**Brief**
After reading the entries below, report how many lines have the string "gdvd" in them, giving the number alone.

**Data supplied**
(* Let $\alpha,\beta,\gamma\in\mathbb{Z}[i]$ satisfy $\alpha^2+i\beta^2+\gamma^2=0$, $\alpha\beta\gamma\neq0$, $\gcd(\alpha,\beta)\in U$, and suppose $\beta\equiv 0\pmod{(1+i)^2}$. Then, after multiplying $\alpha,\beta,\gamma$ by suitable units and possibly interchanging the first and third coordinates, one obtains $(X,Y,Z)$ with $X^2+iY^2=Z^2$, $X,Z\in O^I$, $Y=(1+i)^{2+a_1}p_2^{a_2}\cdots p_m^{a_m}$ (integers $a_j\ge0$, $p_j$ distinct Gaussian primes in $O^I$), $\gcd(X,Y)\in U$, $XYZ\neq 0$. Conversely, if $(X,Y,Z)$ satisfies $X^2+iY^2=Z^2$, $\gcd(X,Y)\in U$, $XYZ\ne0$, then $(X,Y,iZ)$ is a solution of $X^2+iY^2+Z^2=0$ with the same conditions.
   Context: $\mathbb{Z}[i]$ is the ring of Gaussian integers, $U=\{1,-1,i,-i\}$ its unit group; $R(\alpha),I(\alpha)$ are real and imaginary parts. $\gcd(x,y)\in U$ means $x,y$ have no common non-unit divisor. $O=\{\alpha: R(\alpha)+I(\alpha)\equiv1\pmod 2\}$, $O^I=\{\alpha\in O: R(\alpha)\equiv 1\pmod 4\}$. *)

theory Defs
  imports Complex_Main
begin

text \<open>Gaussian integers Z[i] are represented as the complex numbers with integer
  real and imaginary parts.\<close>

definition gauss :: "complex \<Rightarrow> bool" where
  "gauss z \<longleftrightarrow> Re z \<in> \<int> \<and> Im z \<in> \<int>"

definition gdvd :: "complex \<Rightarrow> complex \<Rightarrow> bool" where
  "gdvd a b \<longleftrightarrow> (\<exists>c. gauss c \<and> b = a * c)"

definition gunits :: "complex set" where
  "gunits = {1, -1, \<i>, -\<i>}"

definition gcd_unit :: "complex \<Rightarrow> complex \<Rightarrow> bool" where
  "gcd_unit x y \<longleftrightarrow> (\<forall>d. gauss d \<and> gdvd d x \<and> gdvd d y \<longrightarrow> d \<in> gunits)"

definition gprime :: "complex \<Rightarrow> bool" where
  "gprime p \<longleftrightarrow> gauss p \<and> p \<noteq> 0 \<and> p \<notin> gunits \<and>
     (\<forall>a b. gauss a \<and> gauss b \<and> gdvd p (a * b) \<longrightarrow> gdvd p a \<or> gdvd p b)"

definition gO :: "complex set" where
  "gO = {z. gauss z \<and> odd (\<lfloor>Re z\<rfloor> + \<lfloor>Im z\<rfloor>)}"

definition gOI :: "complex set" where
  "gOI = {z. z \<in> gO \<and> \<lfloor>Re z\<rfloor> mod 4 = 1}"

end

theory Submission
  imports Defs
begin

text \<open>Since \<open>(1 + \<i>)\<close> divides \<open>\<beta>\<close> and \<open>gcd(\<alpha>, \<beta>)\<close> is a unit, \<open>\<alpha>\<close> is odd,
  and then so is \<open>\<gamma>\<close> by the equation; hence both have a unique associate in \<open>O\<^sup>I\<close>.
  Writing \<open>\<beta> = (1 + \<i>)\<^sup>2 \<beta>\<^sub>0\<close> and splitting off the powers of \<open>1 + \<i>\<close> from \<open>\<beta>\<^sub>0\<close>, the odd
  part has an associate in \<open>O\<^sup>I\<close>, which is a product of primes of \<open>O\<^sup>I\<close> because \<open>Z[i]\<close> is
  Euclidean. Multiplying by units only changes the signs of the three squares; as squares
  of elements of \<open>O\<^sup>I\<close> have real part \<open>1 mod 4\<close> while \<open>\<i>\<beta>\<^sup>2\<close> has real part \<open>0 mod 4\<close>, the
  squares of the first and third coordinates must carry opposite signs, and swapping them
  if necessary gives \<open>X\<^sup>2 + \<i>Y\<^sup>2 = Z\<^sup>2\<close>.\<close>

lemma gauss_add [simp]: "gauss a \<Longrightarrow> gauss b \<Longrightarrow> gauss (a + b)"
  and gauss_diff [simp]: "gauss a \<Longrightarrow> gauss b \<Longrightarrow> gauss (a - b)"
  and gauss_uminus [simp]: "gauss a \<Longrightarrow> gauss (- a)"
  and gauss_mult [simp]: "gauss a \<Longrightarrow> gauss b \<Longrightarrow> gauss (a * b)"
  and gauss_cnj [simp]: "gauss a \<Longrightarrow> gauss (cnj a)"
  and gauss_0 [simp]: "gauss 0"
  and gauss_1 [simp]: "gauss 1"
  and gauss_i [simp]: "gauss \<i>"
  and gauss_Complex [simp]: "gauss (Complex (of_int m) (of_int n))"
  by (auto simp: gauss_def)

**Worked solution**
4